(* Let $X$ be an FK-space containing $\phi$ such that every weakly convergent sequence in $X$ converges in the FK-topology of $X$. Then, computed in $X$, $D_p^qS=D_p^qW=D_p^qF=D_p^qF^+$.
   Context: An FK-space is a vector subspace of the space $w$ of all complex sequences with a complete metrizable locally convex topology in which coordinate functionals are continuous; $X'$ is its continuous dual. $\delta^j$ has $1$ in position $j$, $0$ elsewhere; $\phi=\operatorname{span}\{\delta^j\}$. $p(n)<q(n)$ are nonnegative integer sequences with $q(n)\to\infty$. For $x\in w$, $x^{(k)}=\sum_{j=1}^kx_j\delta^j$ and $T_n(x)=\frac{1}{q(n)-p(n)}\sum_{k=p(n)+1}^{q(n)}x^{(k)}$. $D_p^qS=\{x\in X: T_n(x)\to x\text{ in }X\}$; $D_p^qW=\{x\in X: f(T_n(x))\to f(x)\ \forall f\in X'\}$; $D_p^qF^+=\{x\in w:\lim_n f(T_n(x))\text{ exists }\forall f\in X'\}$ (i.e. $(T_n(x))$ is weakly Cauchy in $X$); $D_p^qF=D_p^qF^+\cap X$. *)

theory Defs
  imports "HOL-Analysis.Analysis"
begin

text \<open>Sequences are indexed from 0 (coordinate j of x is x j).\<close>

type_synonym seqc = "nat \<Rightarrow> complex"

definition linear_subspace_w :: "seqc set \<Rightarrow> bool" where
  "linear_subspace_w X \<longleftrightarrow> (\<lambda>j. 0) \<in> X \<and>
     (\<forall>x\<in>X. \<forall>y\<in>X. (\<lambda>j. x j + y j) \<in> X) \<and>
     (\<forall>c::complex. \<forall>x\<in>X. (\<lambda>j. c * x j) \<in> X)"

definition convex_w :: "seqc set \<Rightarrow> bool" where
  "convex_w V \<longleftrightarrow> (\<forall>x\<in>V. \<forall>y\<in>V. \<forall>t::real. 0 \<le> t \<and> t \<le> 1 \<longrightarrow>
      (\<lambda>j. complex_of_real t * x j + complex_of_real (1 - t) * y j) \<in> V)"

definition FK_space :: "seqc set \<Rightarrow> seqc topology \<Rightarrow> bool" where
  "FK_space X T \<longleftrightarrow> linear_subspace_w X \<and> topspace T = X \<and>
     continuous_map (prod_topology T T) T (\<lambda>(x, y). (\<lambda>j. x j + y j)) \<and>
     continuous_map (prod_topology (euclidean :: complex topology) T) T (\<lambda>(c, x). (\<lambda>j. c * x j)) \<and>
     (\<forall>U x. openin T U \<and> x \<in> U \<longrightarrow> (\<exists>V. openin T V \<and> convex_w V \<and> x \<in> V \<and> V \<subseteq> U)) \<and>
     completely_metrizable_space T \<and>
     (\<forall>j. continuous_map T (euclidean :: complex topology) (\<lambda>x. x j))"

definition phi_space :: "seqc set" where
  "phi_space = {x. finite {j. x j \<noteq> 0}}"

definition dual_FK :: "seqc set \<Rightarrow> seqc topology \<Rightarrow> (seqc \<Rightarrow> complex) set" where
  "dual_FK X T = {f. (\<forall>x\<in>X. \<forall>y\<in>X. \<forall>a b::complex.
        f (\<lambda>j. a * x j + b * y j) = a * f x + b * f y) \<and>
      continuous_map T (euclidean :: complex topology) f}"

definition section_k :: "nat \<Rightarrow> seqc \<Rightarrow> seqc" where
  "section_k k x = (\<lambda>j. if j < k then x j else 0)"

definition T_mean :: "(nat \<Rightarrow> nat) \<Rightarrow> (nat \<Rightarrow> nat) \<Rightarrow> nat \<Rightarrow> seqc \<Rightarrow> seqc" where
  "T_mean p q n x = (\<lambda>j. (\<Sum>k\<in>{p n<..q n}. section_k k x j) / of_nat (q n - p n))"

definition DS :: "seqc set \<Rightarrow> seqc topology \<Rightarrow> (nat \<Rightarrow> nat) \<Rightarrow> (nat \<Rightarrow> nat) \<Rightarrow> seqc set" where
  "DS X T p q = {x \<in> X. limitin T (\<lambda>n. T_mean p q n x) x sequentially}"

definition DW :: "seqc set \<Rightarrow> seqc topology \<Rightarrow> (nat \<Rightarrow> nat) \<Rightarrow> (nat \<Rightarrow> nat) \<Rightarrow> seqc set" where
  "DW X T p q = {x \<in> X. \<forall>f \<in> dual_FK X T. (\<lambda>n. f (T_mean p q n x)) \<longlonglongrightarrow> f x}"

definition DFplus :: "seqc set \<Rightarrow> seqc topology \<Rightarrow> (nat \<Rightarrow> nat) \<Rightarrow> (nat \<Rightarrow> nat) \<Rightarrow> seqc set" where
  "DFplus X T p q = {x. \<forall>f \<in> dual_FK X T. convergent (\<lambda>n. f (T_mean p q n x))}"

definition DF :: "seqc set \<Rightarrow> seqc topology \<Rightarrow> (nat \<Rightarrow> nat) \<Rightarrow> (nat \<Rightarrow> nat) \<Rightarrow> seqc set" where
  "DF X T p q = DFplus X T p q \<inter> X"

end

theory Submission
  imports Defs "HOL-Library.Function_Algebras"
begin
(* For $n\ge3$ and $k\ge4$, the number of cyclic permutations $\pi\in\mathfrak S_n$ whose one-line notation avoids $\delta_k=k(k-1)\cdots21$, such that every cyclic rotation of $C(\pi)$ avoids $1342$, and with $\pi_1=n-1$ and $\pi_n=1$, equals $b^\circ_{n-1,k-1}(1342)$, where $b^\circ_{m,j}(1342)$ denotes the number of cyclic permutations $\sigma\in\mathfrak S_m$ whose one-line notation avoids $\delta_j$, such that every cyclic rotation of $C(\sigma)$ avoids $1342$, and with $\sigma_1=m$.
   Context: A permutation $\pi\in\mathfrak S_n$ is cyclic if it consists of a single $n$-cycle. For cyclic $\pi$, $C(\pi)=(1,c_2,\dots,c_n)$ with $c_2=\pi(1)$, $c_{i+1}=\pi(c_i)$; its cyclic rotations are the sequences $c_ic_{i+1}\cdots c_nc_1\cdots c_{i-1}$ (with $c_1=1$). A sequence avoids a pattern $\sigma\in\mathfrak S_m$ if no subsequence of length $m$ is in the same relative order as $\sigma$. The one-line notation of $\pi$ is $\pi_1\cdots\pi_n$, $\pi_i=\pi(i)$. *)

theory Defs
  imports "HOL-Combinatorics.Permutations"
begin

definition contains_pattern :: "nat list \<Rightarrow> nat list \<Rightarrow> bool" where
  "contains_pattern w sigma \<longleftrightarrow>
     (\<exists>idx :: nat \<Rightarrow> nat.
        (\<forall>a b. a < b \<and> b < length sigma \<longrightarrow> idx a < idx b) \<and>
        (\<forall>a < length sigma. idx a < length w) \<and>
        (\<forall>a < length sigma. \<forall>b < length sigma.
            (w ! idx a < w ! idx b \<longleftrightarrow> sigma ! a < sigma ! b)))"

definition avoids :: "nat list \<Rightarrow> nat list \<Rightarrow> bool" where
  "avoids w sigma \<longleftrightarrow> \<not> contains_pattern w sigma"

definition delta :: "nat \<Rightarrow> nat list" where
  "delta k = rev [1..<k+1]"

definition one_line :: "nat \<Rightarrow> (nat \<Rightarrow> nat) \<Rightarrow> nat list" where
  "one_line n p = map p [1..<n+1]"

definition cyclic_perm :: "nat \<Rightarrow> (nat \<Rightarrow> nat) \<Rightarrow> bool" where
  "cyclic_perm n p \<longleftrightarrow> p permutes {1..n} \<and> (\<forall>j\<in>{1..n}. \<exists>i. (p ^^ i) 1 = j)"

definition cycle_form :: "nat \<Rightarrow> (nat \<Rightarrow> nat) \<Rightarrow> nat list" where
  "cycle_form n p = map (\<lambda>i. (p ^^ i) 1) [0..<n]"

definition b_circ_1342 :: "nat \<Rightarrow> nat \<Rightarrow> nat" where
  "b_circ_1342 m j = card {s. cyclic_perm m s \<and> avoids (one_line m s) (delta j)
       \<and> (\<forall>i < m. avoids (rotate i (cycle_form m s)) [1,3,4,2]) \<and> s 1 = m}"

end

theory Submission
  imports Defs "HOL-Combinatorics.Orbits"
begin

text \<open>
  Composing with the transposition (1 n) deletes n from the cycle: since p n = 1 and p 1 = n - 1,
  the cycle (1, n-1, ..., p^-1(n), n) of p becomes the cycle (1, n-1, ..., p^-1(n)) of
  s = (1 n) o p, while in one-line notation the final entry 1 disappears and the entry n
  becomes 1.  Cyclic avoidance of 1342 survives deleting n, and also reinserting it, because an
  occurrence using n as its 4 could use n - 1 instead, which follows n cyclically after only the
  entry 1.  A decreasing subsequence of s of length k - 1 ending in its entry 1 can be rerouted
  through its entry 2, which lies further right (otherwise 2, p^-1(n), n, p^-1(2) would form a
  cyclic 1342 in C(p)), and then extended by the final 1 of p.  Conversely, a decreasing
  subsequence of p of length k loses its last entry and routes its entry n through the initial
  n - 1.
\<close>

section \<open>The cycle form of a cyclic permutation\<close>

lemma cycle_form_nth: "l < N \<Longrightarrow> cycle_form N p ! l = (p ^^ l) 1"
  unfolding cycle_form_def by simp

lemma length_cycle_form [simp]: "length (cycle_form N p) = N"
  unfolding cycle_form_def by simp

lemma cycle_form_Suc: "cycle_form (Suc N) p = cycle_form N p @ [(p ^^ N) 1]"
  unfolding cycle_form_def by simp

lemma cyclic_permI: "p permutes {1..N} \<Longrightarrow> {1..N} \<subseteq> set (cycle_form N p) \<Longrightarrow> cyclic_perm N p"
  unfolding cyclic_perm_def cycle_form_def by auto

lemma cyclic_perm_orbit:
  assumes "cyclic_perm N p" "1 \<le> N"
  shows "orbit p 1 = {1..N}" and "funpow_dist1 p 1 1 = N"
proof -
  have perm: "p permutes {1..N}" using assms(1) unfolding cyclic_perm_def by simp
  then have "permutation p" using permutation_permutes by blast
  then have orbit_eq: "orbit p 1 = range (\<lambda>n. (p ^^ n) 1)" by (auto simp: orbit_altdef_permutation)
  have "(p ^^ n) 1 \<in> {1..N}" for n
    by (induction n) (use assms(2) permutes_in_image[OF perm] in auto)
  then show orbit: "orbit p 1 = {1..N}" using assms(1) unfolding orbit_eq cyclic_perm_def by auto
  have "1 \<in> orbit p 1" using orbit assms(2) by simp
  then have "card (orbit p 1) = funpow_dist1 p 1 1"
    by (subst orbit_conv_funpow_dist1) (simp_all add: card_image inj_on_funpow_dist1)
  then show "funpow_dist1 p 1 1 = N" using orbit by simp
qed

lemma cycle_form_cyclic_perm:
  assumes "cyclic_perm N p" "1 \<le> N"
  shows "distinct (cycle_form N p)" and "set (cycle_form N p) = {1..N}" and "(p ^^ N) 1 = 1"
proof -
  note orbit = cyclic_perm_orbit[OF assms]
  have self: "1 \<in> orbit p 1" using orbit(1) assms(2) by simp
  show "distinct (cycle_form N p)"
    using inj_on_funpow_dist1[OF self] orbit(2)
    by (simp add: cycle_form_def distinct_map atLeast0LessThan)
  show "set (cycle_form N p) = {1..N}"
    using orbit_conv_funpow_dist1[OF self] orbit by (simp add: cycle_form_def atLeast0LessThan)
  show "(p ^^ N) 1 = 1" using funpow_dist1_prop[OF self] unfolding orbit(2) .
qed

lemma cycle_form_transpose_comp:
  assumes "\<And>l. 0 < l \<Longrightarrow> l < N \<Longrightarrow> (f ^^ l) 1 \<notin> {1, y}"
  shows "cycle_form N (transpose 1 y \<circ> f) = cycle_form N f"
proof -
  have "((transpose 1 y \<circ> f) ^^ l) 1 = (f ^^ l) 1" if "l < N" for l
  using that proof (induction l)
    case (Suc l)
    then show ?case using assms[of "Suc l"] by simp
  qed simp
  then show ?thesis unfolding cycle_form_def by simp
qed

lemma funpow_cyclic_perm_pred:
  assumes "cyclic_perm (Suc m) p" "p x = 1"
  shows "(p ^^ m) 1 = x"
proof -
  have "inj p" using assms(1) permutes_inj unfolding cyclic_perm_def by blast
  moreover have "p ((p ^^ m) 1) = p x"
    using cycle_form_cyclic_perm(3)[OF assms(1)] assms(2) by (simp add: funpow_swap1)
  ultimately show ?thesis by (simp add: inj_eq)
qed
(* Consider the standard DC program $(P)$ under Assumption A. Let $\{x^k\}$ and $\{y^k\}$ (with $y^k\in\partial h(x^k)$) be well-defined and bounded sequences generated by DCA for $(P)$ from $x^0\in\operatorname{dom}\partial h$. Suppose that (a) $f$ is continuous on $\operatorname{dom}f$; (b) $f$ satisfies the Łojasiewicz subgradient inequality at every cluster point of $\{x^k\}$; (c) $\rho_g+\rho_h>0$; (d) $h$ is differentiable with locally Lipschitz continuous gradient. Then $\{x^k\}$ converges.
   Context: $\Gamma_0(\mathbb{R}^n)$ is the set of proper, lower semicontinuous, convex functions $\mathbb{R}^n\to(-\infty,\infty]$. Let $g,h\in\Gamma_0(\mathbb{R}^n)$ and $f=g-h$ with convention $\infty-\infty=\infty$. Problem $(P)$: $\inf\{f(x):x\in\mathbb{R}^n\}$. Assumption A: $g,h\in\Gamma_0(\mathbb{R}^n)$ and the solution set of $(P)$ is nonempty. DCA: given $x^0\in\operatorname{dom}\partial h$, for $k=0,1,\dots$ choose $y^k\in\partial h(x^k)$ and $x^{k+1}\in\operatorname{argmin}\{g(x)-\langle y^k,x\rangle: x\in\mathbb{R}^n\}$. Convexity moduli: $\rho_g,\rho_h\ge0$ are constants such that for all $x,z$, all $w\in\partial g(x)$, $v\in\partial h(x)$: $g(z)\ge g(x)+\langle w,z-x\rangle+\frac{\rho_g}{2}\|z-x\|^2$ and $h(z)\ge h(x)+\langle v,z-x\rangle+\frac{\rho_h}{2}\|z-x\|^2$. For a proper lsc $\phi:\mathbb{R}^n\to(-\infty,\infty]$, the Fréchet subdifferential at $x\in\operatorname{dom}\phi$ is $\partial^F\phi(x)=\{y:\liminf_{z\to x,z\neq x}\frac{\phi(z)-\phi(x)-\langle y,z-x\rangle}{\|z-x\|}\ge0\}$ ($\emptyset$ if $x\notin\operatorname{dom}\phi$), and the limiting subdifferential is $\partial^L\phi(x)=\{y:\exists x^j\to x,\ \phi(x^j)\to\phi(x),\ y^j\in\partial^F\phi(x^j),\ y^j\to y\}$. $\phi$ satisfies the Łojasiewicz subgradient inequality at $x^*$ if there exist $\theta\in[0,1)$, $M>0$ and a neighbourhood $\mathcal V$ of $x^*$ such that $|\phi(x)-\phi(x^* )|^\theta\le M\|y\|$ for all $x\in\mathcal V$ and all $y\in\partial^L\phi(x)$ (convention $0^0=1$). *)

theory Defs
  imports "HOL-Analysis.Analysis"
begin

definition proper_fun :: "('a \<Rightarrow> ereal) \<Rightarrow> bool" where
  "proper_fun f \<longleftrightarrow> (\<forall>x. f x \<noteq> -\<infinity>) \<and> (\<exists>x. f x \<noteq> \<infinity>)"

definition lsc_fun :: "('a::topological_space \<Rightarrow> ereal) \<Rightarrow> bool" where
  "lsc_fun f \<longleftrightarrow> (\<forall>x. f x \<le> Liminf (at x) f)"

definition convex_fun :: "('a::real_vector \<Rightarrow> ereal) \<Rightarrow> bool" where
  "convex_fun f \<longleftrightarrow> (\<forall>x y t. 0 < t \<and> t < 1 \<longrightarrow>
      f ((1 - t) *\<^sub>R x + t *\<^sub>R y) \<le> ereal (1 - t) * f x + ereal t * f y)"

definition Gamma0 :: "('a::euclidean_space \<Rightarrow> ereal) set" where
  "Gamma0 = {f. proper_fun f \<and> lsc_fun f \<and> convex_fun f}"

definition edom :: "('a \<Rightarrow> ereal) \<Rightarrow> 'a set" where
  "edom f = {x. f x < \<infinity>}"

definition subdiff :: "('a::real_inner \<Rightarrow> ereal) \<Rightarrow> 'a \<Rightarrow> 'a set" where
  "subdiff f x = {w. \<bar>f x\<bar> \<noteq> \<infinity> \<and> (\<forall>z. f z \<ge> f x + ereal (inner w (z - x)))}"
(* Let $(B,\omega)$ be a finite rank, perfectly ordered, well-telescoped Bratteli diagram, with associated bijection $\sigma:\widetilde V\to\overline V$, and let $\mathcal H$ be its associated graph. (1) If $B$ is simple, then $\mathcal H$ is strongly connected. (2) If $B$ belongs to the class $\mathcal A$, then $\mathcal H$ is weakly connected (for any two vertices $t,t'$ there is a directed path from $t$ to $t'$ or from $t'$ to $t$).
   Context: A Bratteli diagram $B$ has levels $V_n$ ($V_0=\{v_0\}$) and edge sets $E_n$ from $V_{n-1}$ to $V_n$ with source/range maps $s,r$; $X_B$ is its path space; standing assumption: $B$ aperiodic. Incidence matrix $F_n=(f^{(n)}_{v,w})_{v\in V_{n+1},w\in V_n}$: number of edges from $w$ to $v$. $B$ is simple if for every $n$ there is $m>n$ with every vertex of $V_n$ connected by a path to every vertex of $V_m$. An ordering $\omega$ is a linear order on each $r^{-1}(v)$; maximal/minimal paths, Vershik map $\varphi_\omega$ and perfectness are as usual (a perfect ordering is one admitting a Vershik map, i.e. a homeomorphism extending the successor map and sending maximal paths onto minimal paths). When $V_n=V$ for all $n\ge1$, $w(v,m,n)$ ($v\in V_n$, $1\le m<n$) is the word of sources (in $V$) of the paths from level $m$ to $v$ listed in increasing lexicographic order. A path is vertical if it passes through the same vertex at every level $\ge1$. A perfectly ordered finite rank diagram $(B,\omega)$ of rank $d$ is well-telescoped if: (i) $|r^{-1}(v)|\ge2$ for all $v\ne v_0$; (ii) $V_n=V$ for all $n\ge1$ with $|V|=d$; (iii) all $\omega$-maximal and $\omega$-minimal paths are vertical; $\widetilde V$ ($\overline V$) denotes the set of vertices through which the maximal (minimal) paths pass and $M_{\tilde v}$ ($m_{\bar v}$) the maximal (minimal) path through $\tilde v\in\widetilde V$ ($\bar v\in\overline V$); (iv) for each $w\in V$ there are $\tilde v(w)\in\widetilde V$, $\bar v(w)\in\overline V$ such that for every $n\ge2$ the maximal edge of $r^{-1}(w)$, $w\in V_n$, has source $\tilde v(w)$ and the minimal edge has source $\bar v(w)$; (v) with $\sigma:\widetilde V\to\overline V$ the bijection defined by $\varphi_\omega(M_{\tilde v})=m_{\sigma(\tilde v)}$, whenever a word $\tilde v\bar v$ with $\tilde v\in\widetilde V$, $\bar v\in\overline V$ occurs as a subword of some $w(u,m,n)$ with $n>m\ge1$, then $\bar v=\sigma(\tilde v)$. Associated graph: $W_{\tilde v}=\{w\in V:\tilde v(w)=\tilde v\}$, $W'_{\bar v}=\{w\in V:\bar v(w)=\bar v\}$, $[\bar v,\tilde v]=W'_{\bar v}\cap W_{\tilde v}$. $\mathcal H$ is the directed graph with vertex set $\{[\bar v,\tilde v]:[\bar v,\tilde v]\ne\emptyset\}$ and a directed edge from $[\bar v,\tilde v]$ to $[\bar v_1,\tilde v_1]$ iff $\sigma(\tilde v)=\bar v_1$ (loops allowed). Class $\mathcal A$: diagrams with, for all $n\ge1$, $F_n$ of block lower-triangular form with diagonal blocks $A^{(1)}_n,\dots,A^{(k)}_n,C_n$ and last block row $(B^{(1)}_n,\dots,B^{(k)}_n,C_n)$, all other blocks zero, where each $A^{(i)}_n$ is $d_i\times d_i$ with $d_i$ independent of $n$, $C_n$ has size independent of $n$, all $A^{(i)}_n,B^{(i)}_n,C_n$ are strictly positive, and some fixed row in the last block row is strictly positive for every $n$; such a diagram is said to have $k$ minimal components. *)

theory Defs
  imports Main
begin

******

▶ PROBLEM STATEMENT
The required answer is the exact run of lines above starting at the line with "(\<forall>a b. a" and ending at the line with "(w ! idx a <", with both ends present.

▶ SOLUTION TO THE PROBLEM
        (\<forall>a b. a < b \<and> b < length sigma \<longrightarrow> idx a < idx b) \<and>
        (\<forall>a < length sigma. idx a < length w) \<and>
        (\<forall>a < length sigma. \<forall>b < length sigma.
            (w ! idx a < w ! idx b \<longleftrightarrow> sigma ! a < sigma ! b)))"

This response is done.